# [Task item]
Take the data below and repeat it exactly.

-- Opening Marker --

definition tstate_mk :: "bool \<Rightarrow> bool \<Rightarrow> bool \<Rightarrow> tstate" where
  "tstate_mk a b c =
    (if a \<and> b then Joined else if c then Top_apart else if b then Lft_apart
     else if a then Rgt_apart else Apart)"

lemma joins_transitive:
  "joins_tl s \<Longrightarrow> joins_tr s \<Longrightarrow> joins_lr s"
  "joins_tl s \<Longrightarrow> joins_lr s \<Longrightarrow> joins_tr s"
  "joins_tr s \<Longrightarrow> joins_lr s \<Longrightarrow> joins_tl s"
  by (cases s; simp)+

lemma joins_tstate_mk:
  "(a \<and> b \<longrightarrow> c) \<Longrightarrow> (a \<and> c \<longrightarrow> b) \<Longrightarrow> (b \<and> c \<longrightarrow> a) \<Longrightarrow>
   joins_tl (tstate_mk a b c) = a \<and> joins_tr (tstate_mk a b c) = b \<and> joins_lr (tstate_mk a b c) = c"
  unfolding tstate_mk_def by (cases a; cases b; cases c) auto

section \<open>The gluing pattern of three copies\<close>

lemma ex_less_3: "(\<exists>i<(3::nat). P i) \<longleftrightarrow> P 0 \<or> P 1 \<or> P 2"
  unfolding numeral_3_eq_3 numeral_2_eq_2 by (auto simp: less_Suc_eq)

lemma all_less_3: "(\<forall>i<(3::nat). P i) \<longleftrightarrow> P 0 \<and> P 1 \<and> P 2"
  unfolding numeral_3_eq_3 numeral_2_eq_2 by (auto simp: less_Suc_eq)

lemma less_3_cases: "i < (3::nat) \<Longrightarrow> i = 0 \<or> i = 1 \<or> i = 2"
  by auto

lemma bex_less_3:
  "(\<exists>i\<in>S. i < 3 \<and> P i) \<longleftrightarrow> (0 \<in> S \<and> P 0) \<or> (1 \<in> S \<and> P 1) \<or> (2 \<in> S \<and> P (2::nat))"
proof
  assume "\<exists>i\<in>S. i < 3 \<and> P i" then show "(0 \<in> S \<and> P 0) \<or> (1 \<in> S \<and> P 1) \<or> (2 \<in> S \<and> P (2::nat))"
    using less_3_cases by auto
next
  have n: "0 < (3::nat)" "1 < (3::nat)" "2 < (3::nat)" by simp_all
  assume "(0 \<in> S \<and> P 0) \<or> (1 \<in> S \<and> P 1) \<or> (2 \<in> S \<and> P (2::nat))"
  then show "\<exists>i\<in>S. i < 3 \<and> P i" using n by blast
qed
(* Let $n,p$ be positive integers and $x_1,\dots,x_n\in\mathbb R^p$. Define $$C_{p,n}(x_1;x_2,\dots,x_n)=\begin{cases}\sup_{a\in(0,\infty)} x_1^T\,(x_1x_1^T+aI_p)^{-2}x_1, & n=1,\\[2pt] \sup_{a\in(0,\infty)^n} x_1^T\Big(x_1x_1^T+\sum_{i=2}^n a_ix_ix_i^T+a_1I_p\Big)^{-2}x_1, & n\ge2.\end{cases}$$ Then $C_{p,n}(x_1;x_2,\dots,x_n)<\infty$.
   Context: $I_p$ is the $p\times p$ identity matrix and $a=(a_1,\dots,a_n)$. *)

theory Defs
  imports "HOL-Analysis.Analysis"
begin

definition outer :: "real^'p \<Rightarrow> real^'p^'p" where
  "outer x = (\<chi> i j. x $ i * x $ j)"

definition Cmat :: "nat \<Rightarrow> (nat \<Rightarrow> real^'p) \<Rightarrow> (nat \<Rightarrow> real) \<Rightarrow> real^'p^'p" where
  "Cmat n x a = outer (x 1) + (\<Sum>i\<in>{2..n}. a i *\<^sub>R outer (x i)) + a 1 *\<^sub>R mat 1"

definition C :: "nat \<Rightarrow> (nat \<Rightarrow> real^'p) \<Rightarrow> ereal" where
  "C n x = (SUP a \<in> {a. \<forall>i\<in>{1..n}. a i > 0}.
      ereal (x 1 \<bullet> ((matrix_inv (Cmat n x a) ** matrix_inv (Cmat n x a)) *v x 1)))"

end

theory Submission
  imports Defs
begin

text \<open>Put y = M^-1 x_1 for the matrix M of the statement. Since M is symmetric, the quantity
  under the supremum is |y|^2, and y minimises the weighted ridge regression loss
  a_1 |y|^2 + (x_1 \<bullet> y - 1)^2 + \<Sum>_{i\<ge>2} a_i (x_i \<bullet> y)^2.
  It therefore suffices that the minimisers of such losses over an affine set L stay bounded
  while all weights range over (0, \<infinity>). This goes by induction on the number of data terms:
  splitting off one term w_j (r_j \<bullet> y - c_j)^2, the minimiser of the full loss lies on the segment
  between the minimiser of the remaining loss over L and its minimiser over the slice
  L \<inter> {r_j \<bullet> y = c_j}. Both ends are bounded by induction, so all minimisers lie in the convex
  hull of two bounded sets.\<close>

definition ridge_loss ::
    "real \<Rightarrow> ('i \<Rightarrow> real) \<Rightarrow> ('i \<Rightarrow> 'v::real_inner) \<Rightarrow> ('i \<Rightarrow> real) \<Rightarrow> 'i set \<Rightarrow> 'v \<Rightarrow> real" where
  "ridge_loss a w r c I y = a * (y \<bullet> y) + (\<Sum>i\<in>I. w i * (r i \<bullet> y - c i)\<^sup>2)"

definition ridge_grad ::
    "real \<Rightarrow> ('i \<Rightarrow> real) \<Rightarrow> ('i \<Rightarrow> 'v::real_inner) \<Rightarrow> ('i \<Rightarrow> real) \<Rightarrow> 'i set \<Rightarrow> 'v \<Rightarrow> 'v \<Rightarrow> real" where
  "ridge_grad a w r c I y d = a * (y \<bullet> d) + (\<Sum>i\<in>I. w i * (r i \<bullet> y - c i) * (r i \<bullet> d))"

-- Closing Marker --

# [Result for this task]
definition tstate_mk :: "bool \<Rightarrow> bool \<Rightarrow> bool \<Rightarrow> tstate" where
  "tstate_mk a b c =
    (if a \<and> b then Joined else if c then Top_apart else if b then Lft_apart
     else if a then Rgt_apart else Apart)"

lemma joins_transitive:
  "joins_tl s \<Longrightarrow> joins_tr s \<Longrightarrow> joins_lr s"
  "joins_tl s \<Longrightarrow> joins_lr s \<Longrightarrow> joins_tr s"
  "joins_tr s \<Longrightarrow> joins_lr s \<Longrightarrow> joins_tl s"
  by (cases s; simp)+

lemma joins_tstate_mk:
  "(a \<and> b \<longrightarrow> c) \<Longrightarrow> (a \<and> c \<longrightarrow> b) \<Longrightarrow> (b \<and> c \<longrightarrow> a) \<Longrightarrow>
   joins_tl (tstate_mk a b c) = a \<and> joins_tr (tstate_mk a b c) = b \<and> joins_lr (tstate_mk a b c) = c"
  unfolding tstate_mk_def by (cases a; cases b; cases c) auto

section \<open>The gluing pattern of three copies\<close>

lemma ex_less_3: "(\<exists>i<(3::nat). P i) \<longleftrightarrow> P 0 \<or> P 1 \<or> P 2"
  unfolding numeral_3_eq_3 numeral_2_eq_2 by (auto simp: less_Suc_eq)

lemma all_less_3: "(\<forall>i<(3::nat). P i) \<longleftrightarrow> P 0 \<and> P 1 \<and> P 2"
  unfolding numeral_3_eq_3 numeral_2_eq_2 by (auto simp: less_Suc_eq)

lemma less_3_cases: "i < (3::nat) \<Longrightarrow> i = 0 \<or> i = 1 \<or> i = 2"
  by auto

lemma bex_less_3:
  "(\<exists>i\<in>S. i < 3 \<and> P i) \<longleftrightarrow> (0 \<in> S \<and> P 0) \<or> (1 \<in> S \<and> P 1) \<or> (2 \<in> S \<and> P (2::nat))"
proof
  assume "\<exists>i\<in>S. i < 3 \<and> P i" then show "(0 \<in> S \<and> P 0) \<or> (1 \<in> S \<and> P 1) \<or> (2 \<in> S \<and> P (2::nat))"
    using less_3_cases by auto
next
  have n: "0 < (3::nat)" "1 < (3::nat)" "2 < (3::nat)" by simp_all
  assume "(0 \<in> S \<and> P 0) \<or> (1 \<in> S \<and> P 1) \<or> (2 \<in> S \<and> P (2::nat))"
  then show "\<exists>i\<in>S. i < 3 \<and> P i" using n by blast
qed
(* Let $n,p$ be positive integers and $x_1,\dots,x_n\in\mathbb R^p$. Define $$C_{p,n}(x_1;x_2,\dots,x_n)=\begin{cases}\sup_{a\in(0,\infty)} x_1^T\,(x_1x_1^T+aI_p)^{-2}x_1, & n=1,\\[2pt] \sup_{a\in(0,\infty)^n} x_1^T\Big(x_1x_1^T+\sum_{i=2}^n a_ix_ix_i^T+a_1I_p\Big)^{-2}x_1, & n\ge2.\end{cases}$$ Then $C_{p,n}(x_1;x_2,\dots,x_n)<\infty$.
   Context: $I_p$ is the $p\times p$ identity matrix and $a=(a_1,\dots,a_n)$. *)

theory Defs
  imports "HOL-Analysis.Analysis"
begin

definition outer :: "real^'p \<Rightarrow> real^'p^'p" where
  "outer x = (\<chi> i j. x $ i * x $ j)"

definition Cmat :: "nat \<Rightarrow> (nat \<Rightarrow> real^'p) \<Rightarrow> (nat \<Rightarrow> real) \<Rightarrow> real^'p^'p" where
  "Cmat n x a = outer (x 1) + (\<Sum>i\<in>{2..n}. a i *\<^sub>R outer (x i)) + a 1 *\<^sub>R mat 1"

definition C :: "nat \<Rightarrow> (nat \<Rightarrow> real^'p) \<Rightarrow> ereal" where
  "C n x = (SUP a \<in> {a. \<forall>i\<in>{1..n}. a i > 0}.
      ereal (x 1 \<bullet> ((matrix_inv (Cmat n x a) ** matrix_inv (Cmat n x a)) *v x 1)))"

end

theory Submission
  imports Defs
begin

text \<open>Put y = M^-1 x_1 for the matrix M of the statement. Since M is symmetric, the quantity
  under the supremum is |y|^2, and y minimises the weighted ridge regression loss
  a_1 |y|^2 + (x_1 \<bullet> y - 1)^2 + \<Sum>_{i\<ge>2} a_i (x_i \<bullet> y)^2.
  It therefore suffices that the minimisers of such losses over an affine set L stay bounded
  while all weights range over (0, \<infinity>). This goes by induction on the number of data terms:
  splitting off one term w_j (r_j \<bullet> y - c_j)^2, the minimiser of the full loss lies on the segment
  between the minimiser of the remaining loss over L and its minimiser over the slice
  L \<inter> {r_j \<bullet> y = c_j}. Both ends are bounded by induction, so all minimisers lie in the convex
  hull of two bounded sets.\<close>

definition ridge_loss ::
    "real \<Rightarrow> ('i \<Rightarrow> real) \<Rightarrow> ('i \<Rightarrow> 'v::real_inner) \<Rightarrow> ('i \<Rightarrow> real) \<Rightarrow> 'i set \<Rightarrow> 'v \<Rightarrow> real" where
  "ridge_loss a w r c I y = a * (y \<bullet> y) + (\<Sum>i\<in>I. w i * (r i \<bullet> y - c i)\<^sup>2)"

definition ridge_grad ::
    "real \<Rightarrow> ('i \<Rightarrow> real) \<Rightarrow> ('i \<Rightarrow> 'v::real_inner) \<Rightarrow> ('i \<Rightarrow> real) \<Rightarrow> 'i set \<Rightarrow> 'v \<Rightarrow> 'v \<Rightarrow> real" where
  "ridge_grad a w r c I y d = a * (y \<bullet> d) + (\<Sum>i\<in>I. w i * (r i \<bullet> y - c i) * (r i \<bullet> d))"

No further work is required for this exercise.